Given an integer $N = p^2+3q^2$ expressible in three ways,

$$N = x_1^2+3y_1^2 = x_2^2+3y_2^2 = x_3^2+3y_3^2$$

it may be useful to let the $(x_k,y_k)$ be signed. So the given identity becomes,

$$N = (-p)^2+3(-q)^2 = \left(\frac{p+3q}2\right)^2+3\left(\frac{-p+q}2\right)^2 = \left(\frac{p-3q}2\right)^2+3\left(\frac{p+q}2\right)^2$$

such that $x_1 + x_2 + x_3 = y_1 + y_2 + y_3 = 0.$ These three $(x_k,y_k)$ will be the vertices of a triangle.

Assume the ellipse $p^2+3q^2-364=0.$ Starting with initial solution $(p,q) = (19,1)$ and using the identity above, we find three vertices. And the other initial solution $(p,q) = (17,5)$ will give three more vertices.

The blue dots give the first triangle, while the green dots give the second triangle. If instead we consider the six points as the vertices of a hexagon, then we have Pascal's Theorem,

$\hskip1.1in$

where the three pairs of the continuations of opposite sides meet on a straight line. So there is a relationship between the two triangles. But the question is if we can derive the second from the first.
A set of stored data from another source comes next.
(* Let $p$ be an odd prime, $q\in\mathbb{C}_p$ with $|q-1|_p<1$, $\alpha\in\mathbb{N}\cup\{0\}$, $h\in\mathbb{N}$, and let $n,k$ be nonnegative integers with $n>k$. Then \[ \sum_{l=0}^{n-k}\binom{n-k}{l}(-1)^l\frac{\widetilde{G}_{l+k+1,q}^{(\alpha,h)}}{l+k+1}=\begin{cases}[2]_q+q^{h+1}\dfrac{\widetilde{G}_{n+1,q^{-1}}^{(\alpha,h)}}{n+1} & \text{if } k=0,\\[2mm] \displaystyle\sum_{l=0}^{k}\binom{k}{l}(-1)^{k+l}\Big\{[2]_q+q^{h+1}\frac{\widetilde{G}_{n-l+1,q^{-1}}^{(\alpha,h)}}{n-l+1}\Big\} & \text{if } k\neq 0.\end{cases} \]
   Context: For $x\in\mathbb{Z}_p$ write $[x]_q=\frac{1-q^x}{1-q}$, and $[2]_q=1+q$. For a uniformly differentiable $f:\mathbb{Z}_p\to\mathbb{C}_p$, the fermionic $p$-adic $q$-integral is $\int_{\mathbb{Z}_p}f(\xi)\,d\mu_{-q}(\xi)=\lim_{N\to\infty}\frac{1}{[p^N]_{-q}}\sum_{\xi=0}^{p^N-1}f(\xi)(-q)^{\xi}$, with $[p^N]_{-q}=\frac{1+q^{p^N}}{1+q}$. The $(h,q)$-Genocchi polynomials with weight $\alpha$ are defined for $n\ge0$, $x\in\mathbb{Z}_p$ by $\frac{\widetilde{G}_{n+1,q}^{(\alpha,h)}(x)}{n+1}=\int_{\mathbb{Z}_p}q^{(h-1)\xi}[x+\xi]_{q^{\alpha}}^n\,d\mu_{-q}(\xi)$, and the numbers are $\widetilde{G}_{n,q}^{(\alpha,h)}=\widetilde{G}_{n,q}^{(\alpha,h)}(0)$. The numbers $\widetilde{G}_{n,q^{-1}}^{(\alpha,h)}$ are obtained by replacing $q$ by $q^{-1}$ everywhere: $\frac{\widetilde{G}_{n+1,q^{-1}}^{(\alpha,h)}}{n+1}=\int_{\mathbb{Z}_p}q^{(1-h)\xi}[\xi]_{q^{-\alpha}}^n\,d\mu_{-q^{-1}}(\xi)$. *)

theory Defs
  imports Complex_Main "HOL-Computational_Algebra.Computational_Algebra"
begin

text \<open>We work in an arbitrary field K carrying an
absolute value absv that is non-archimedean, restricts to the p-adic absolute value on
the integers, and makes K complete and algebraically closed (C_p is such a field).\<close>

definition Cp_like :: "nat \<Rightarrow> ('a::field \<Rightarrow> real) \<Rightarrow> bool" where
  "Cp_like p absv \<longleftrightarrow>
     (\<forall>x. absv x \<ge> 0) \<and>
     (\<forall>x. absv x = 0 \<longleftrightarrow> x = 0) \<and>
     (\<forall>x y. absv (x * y) = absv x * absv y) \<and>
     (\<forall>x y. absv (x + y) \<le> max (absv x) (absv y)) \<and>
     (\<forall>m::int. m \<noteq> 0 \<longrightarrow>
        absv (of_int m) = real p powr (- real (multiplicity (int p) m))) \<and>
     (\<forall>X::nat \<Rightarrow> 'a. (\<forall>e>0. \<exists>N. \<forall>m\<ge>N. \<forall>n\<ge>N. absv (X m - X n) < e) \<longrightarrow>
        (\<exists>L. (\<lambda>n. absv (X n - L)) \<longlonglongrightarrow> 0)) \<and>
     (\<forall>P::'a poly. degree P \<noteq> 0 \<longrightarrow> (\<exists>x. poly P x = 0))"

definition qnum :: "'a::field \<Rightarrow> nat \<Rightarrow> 'a" where
  "qnum q x = (if q = 1 then of_nat x else (1 - q ^ x) / (1 - q))"

definition ferm_int :: "nat \<Rightarrow> ('a::field \<Rightarrow> real) \<Rightarrow> 'a \<Rightarrow> (nat \<Rightarrow> 'a) \<Rightarrow> 'a" where
  "ferm_int p absv q f = (THE L. (\<lambda>N. absv (
      (\<Sum>\<xi><p ^ N. f \<xi> * (- q) ^ \<xi>) / ((1 + q ^ (p ^ N)) / (1 + q)) - L)) \<longlonglongrightarrow> 0)"

text \<open>(h,q)-Genocchi numbers with weight alpha:
  G_{n+1}/(n+1) = int q^{(h-1) xi} [xi]_{q^alpha}^n d mu_{-q}(xi); G_0 := 0.\<close>
definition genocchi :: "nat \<Rightarrow> ('a::field \<Rightarrow> real) \<Rightarrow> 'a \<Rightarrow> nat \<Rightarrow> nat \<Rightarrow> nat \<Rightarrow> 'a" where
  "genocchi p absv q \<alpha> h n =
     (if n = 0 then 0 else
      of_nat n * ferm_int p absv q (\<lambda>\<xi>. q ^ ((h - 1) * \<xi>) * qnum (q ^ \<alpha>) \<xi> ^ (n - 1)))"

end

theory Submission
  imports Defs
begin

text \<open>
  Write \<open>I_q(f)\<close> for the fermionic integral and put \<open>t = q^(h-1)\<close>, \<open>s = q^\<alpha>\<close>, so that
  \<open>G_(i+1,q)/(i+1) = I_q(t^x [x]_s^i)\<close>. Expanding \<open>[x]_s^k (1 - [x]_s)^(n-k)\<close> binomially, once
  around \<open>[x]_s\<close> and once around \<open>1 - [x]_s\<close>, writes the integral of \<open>t^x [x]_s^k (1 - [x]_s)^(n-k)\<close>
  as either side of the identity, given the reflection formula
  \<open>[2]_q + q^(h+1) G_(m+1,1/q)/(m+1) = I_q(t^x (1 - [x]_s)^m)\<close> for \<open>m \<ge> 1\<close>. That formula
  follows by substituting \<open>x \<mapsto> p^N - 1 - x\<close> in the Riemann sums for \<open>1/q\<close>, which turns
  \<open>[p^N - 1 - x]_(1/s)\<close> into \<open>1 - [x + 2]_s\<close> in the limit, and applying the functional equation
  \<open>q I_q(f(x + 1)) + I_q(f) = [2]_q f(0)\<close> twice.

  All limits come from \<open>u^(p^N) \<rightarrow> 1\<close> for \<open>|u - 1| < 1\<close> (the binomial theorem and
  \<open>p | (p choose j)\<close>), and the integrals exist because the functional equation expresses
  \<open>I_q(t^x [x]_s^l)\<close> through lower powers.
\<close>

section \<open>Identities for \<open>q\<close>-numbers and binomial sums\<close>

lemma qnum_0 [simp]: "qnum s 0 = 0"
  unfolding qnum_def by simp

lemma qnum_Suc: "qnum s (Suc x) = 1 + s * qnum s x"
  unfolding qnum_def by (auto simp: field_simps)

lemma qnum_Suc_right: "qnum s (Suc x) = qnum s x + s ^ x"
  unfolding qnum_def by (auto simp: field_simps)

lemma qnum_add: "qnum s (a + b) = qnum s a + s ^ a * qnum s b"
  by (induction a) (simp_all add: qnum_Suc algebra_simps)

lemma qnum_inverse_Suc:
  assumes "s \<noteq> 0"
  shows "qnum (inverse s) (Suc j) = inverse s ^ j * qnum s (Suc j)"
proof (induction j)
  case (Suc j)
  have "qnum (inverse s) (Suc (Suc j)) = 1 + inverse s * (inverse s ^ j * qnum s (Suc j))"
    using Suc by (simp only: qnum_Suc[of "inverse s" "Suc j"])
  also have "\<dots> = inverse s ^ Suc j * qnum s (Suc (Suc j))"
    using assms by (simp add: qnum_Suc_right field_simps)
  finally show ?case .
qed (simp add: qnum_Suc)

lemma qnum_reflect:
  assumes "s \<noteq> 0" "j < M"
  shows "qnum (inverse s) (M - Suc j) = qnum (inverse s) M - inverse s ^ (M - 1) * qnum s (Suc j)"
proof -
  have "qnum (inverse s) M = qnum (inverse s) (M - Suc j) + inverse s ^ (M - Suc j) * qnum (inverse s) (Suc j)"
    using qnum_add[of "inverse s" "M - Suc j" "Suc j"] assms(2) by simp
  also have "inverse s ^ (M - Suc j) * qnum (inverse s) (Suc j) = inverse s ^ (M - 1) * qnum s (Suc j)"
    using assms by (simp add: qnum_inverse_Suc mult.assoc flip: power_add)
  finally show ?thesis by simp
qed

lemma qnum_Suc_power:
  "t ^ Suc x * qnum s (Suc x) ^ l = (\<Sum>i\<le>l. (t * (of_nat (l choose i) * s ^ i)) * (t ^ x * qnum s x ^ i))"
proof -
  have "qnum s (Suc x) ^ l = (\<Sum>i\<le>l. of_nat (l choose i) * (s * qnum s x) ^ i)"
    using binomial_ring[of "s * qnum s x" 1 l] by (simp add: qnum_Suc add.commute)
  then show ?thesis
    by (simp add: sum_distrib_left power_mult_distrib mult_ac)
qed

lemma power_times_one_minus_power:
  fixes x :: "'a::comm_ring_1"
  shows "x ^ k * (1 - x) ^ m = (\<Sum>l=0..m. of_nat (m choose l) * (-1) ^ l * x ^ (l + k))"
proof -
  have "(1 - x) ^ m = (\<Sum>l\<le>m. of_nat (m choose l) * (- x) ^ l)"
    using binomial_ring[of "- x" 1 m] by simp
  then show ?thesis
    by (simp add: atMost_atLeast0 sum_distrib_left power_add power_minus[of x] mult_ac)
qed

lemma one_minus_power_times_power:
  fixes y :: "'a::comm_ring_1"
  assumes "k \<le> n"
  shows "(1 - y) ^ k * y ^ (n - k) = (\<Sum>l=0..k. of_nat (k choose l) * (-1) ^ (k + l) * y ^ (n - l))"
proof -
  have "(1 - y) ^ k = (-1) ^ k * (-1 + y) ^ k"
    by (simp flip: power_mult_distrib)
  also have "(-1 + y) ^ k = (\<Sum>l\<le>k. of_nat (k choose l) * (-1) ^ l * y ^ (k - l))"
    by (rule binomial_ring)
  finally have "(1 - y) ^ k * y ^ (n - k) = (\<Sum>l\<le>k. of_nat (k choose l) * (-1) ^ (k + l) * (y ^ (k - l) * y ^ (n - k)))"
    by (simp add: sum_distrib_left sum_distrib_right power_add mult_ac)
  also have "\<dots> = (\<Sum>l\<le>k. of_nat (k choose l) * (-1) ^ (k + l) * y ^ (n - l))"
    using assms by (intro sum.cong refl) (simp flip: power_add)
  finally show ?thesis by (simp add: atMost_atLeast0)
qed

lemma alternating_weight_reflect:
  fixes q :: "'a::field"
  assumes "q \<noteq> 0" "1 + q ^ M \<noteq> 0" "odd M" "j < M"
  shows "(1 + inverse q) / (1 + inverse q ^ M) * (- inverse q) ^ (M - Suc j) = (1 + q) / (1 + q ^ M) * (- q) ^ j"
proof -
  obtain a where M: "M = Suc (a + j)" and a: "a = M - Suc j"
    using assms(4) by (intro that[of "M - Suc j"]) auto
  have sign: "(-1 :: 'a) ^ a = (-1) ^ j"
    using assms(3) unfolding M minus_one_power_iff by auto
  have "q * (1 + q ^ M) \<noteq> 0"
    using assms(1,2) by simp
  then have A: "(1 + inverse q) / (1 + inverse q ^ M) = q ^ (a + j) * ((1 + q) / (1 + q ^ M))"
    using assms unfolding M by (simp add: power_inverse field_simps)
  have B: "(- inverse q) ^ a = (-1) ^ j * inverse (q ^ a)"
    by (simp add: power_minus[of "inverse q"] sign power_inverse)
  have C: "q ^ (a + j) * inverse (q ^ a) = q ^ j"
    using assms(1) by (simp add: power_add)
  show ?thesis
    unfolding a[symmetric] A B power_minus[of q j] C[symmetric] by (simp only: mult_ac)
qed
In the first post I cited, I was able to derive from one triangle (blue vertices) another triangle (green vertices), resulting in a pair of distinct polynomial sextuplets that solve $x^3+y^3+z^3 = (z+1)^3$. For example, $594^3 + 1003^3 + 20154^3 = 20155^3.$

However, as pointed out by Eric Towers, one way to see the derivation was an appropriate rotation of the first triangle since connecting all six antipodes intersect at the center. But whether there is an appropriate rotation/transformation for Bailey’s two triangles remains to be seen.